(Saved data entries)

lemma card_HB_nbrs:
  assumes X: "X \<in> HB_V1 x n k"
  shows "card (HB_nbrs X) + 1 = (\<Sum>s=1..k. 2 ^ (s - 1) * (k choose s))
    + (\<Sum>t=1..n-k. 2 ^ (k + t - 1) * ((n - k) choose t))"
proof -
  have XP: "X \<subseteq> B_pos x n" and cardX: "card X = k" using X unfolding HB_V1_def by auto
  have "finite X" using XP finite_B_pos finite_subset by blast
  define T1 where "T1 = Pow X - {{}}"
  define T2 where "T2 = (\<union>) X ` (Pow (B_pos x n - X) - {{}})"
  let ?A = "{Y \<in> phi_B x n. abs ` Y \<in> T1 \<union> T2}"
  have "X \<in> T1" unfolding T1_def using cardX k_pos by auto
  then have "X \<in> ?A" using HB_V1_in_phi_B[OF X] by simp
  moreover have "finite ?A" using finite_phi_B by simp
  ultimately have "card (?A - {X}) + 1 = card ?A"
    using card_Suc_Diff1 by (simp only: Suc_eq_plus1)
  moreover have "HB_nbrs X = ?A - {X}"
    unfolding HB_nbrs_eq[OF X] T1_def T2_def by simp
  ultimately have "card (HB_nbrs X) + 1 = card ?A" by simp
  also have "\<dots> = (\<Sum>S\<in>T1 \<union> T2. 2 ^ (card S - 1))"
  proof (rule card_phi_B_abs_in)
    show "T1 \<union> T2 \<subseteq> Pow (B_pos x n) - {{}}" using XP unfolding T1_def T2_def by blast
  qed
  also have "\<dots> = (\<Sum>S\<in>T1. 2 ^ (card S - 1)) + (\<Sum>S\<in>T2. 2 ^ (card S - 1))"
  proof (rule sum.union_disjoint)
    show "finite T1" "finite T2" using \<open>finite X\<close> finite_B_pos unfolding T1_def T2_def by simp_all
    show "T1 \<inter> T2 = {}" unfolding T1_def T2_def by blast
  qed
  also have "(\<Sum>S\<in>T1. 2 ^ (card S - 1)) = (\<Sum>s=1..k. 2 ^ (s - 1) * (k choose s))"
    unfolding T1_def using sum_nonempty_subsets_by_card[OF \<open>finite X\<close>, of "\<lambda>s. (2::nat) ^ (s - 1)"] cardX
    by simp
  also have "(\<Sum>S\<in>T2. 2 ^ (card S - 1)) = (\<Sum>t=1..n-k. 2 ^ (k + t - 1) * ((n - k) choose t))"
    unfolding T2_def using sum_nonempty_extensions_by_card[OF finite_B_pos XP, of "\<lambda>s. (2::nat) ^ (s - 1)"]
      cardX card_B_pos by simp
  finally show ?thesis .
qed

lemma exists_HB_V1_comparable:
  assumes A: "A \<subseteq> B_pos x n"
  shows "\<exists>X\<in>HB_V1 x n k. X \<subseteq> A \<or> A \<subseteq> X"
proof (cases "k \<le> card A")
  case True
  then obtain X where "X \<subseteq> A" "card X = k" by (meson obtain_subset_with_card_n)
  then show ?thesis using A unfolding HB_V1_def by blast
next
  case False
  have "finite A" using A finite_B_pos finite_subset by blast
  have "card (B_pos x n - A) = n - card A"
    using card_Diff_subset[OF \<open>finite A\<close> A] card_B_pos by simp
  then have "k - card A \<le> card (B_pos x n - A)" using False k_less_n by simp
  then obtain W where W: "W \<subseteq> B_pos x n - A" "card W = k - card A" "finite W"
    by (meson obtain_subset_with_card_n)
  then have "card (A \<union> W) = k" using card_Un_disjoint[OF \<open>finite A\<close> W(3)] False by auto
  then have "A \<union> W \<in> HB_V1 x n k" using A W unfolding HB_V1_def by blast
  then show ?thesis by blast
qed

■ Task to complete ■
Every record shown above should be written out again exactly.

■ Exercise result ■
lemma card_HB_nbrs:
  assumes X: "X \<in> HB_V1 x n k"
  shows "card (HB_nbrs X) + 1 = (\<Sum>s=1..k. 2 ^ (s - 1) * (k choose s))
    + (\<Sum>t=1..n-k. 2 ^ (k + t - 1) * ((n - k) choose t))"
proof -
  have XP: "X \<subseteq> B_pos x n" and cardX: "card X = k" using X unfolding HB_V1_def by auto
  have "finite X" using XP finite_B_pos finite_subset by blast
  define T1 where "T1 = Pow X - {{}}"
  define T2 where "T2 = (\<union>) X ` (Pow (B_pos x n - X) - {{}})"
  let ?A = "{Y \<in> phi_B x n. abs ` Y \<in> T1 \<union> T2}"
  have "X \<in> T1" unfolding T1_def using cardX k_pos by auto
  then have "X \<in> ?A" using HB_V1_in_phi_B[OF X] by simp
  moreover have "finite ?A" using finite_phi_B by simp
  ultimately have "card (?A - {X}) + 1 = card ?A"
    using card_Suc_Diff1 by (simp only: Suc_eq_plus1)
  moreover have "HB_nbrs X = ?A - {X}"
    unfolding HB_nbrs_eq[OF X] T1_def T2_def by simp
  ultimately have "card (HB_nbrs X) + 1 = card ?A" by simp
  also have "\<dots> = (\<Sum>S\<in>T1 \<union> T2. 2 ^ (card S - 1))"
  proof (rule card_phi_B_abs_in)
    show "T1 \<union> T2 \<subseteq> Pow (B_pos x n) - {{}}" using XP unfolding T1_def T2_def by blast
  qed
  also have "\<dots> = (\<Sum>S\<in>T1. 2 ^ (card S - 1)) + (\<Sum>S\<in>T2. 2 ^ (card S - 1))"
  proof (rule sum.union_disjoint)
    show "finite T1" "finite T2" using \<open>finite X\<close> finite_B_pos unfolding T1_def T2_def by simp_all
    show "T1 \<inter> T2 = {}" unfolding T1_def T2_def by blast
  qed
  also have "(\<Sum>S\<in>T1. 2 ^ (card S - 1)) = (\<Sum>s=1..k. 2 ^ (s - 1) * (k choose s))"
    unfolding T1_def using sum_nonempty_subsets_by_card[OF \<open>finite X\<close>, of "\<lambda>s. (2::nat) ^ (s - 1)"] cardX
    by simp
  also have "(\<Sum>S\<in>T2. 2 ^ (card S - 1)) = (\<Sum>t=1..n-k. 2 ^ (k + t - 1) * ((n - k) choose t))"
    unfolding T2_def using sum_nonempty_extensions_by_card[OF finite_B_pos XP, of "\<lambda>s. (2::nat) ^ (s - 1)"]
      cardX card_B_pos by simp
  finally show ?thesis .
qed

lemma exists_HB_V1_comparable:
  assumes A: "A \<subseteq> B_pos x n"
  shows "\<exists>X\<in>HB_V1 x n k. X \<subseteq> A \<or> A \<subseteq> X"
proof (cases "k \<le> card A")
  case True
  then obtain X where "X \<subseteq> A" "card X = k" by (meson obtain_subset_with_card_n)
  then show ?thesis using A unfolding HB_V1_def by blast
next
  case False
  have "finite A" using A finite_B_pos finite_subset by blast
  have "card (B_pos x n - A) = n - card A"
    using card_Diff_subset[OF \<open>finite A\<close> A] card_B_pos by simp
  then have "k - card A \<le> card (B_pos x n - A)" using False k_less_n by simp
  then obtain W where W: "W \<subseteq> B_pos x n - A" "card W = k - card A" "finite W"
    by (meson obtain_subset_with_card_n)
  then have "card (A \<union> W) = k" using card_Un_disjoint[OF \<open>finite A\<close> W(3)] False by auto
  then have "A \<union> W \<in> HB_V1 x n k" using A W unfolding HB_V1_def by blast
  then show ?thesis by blast
qed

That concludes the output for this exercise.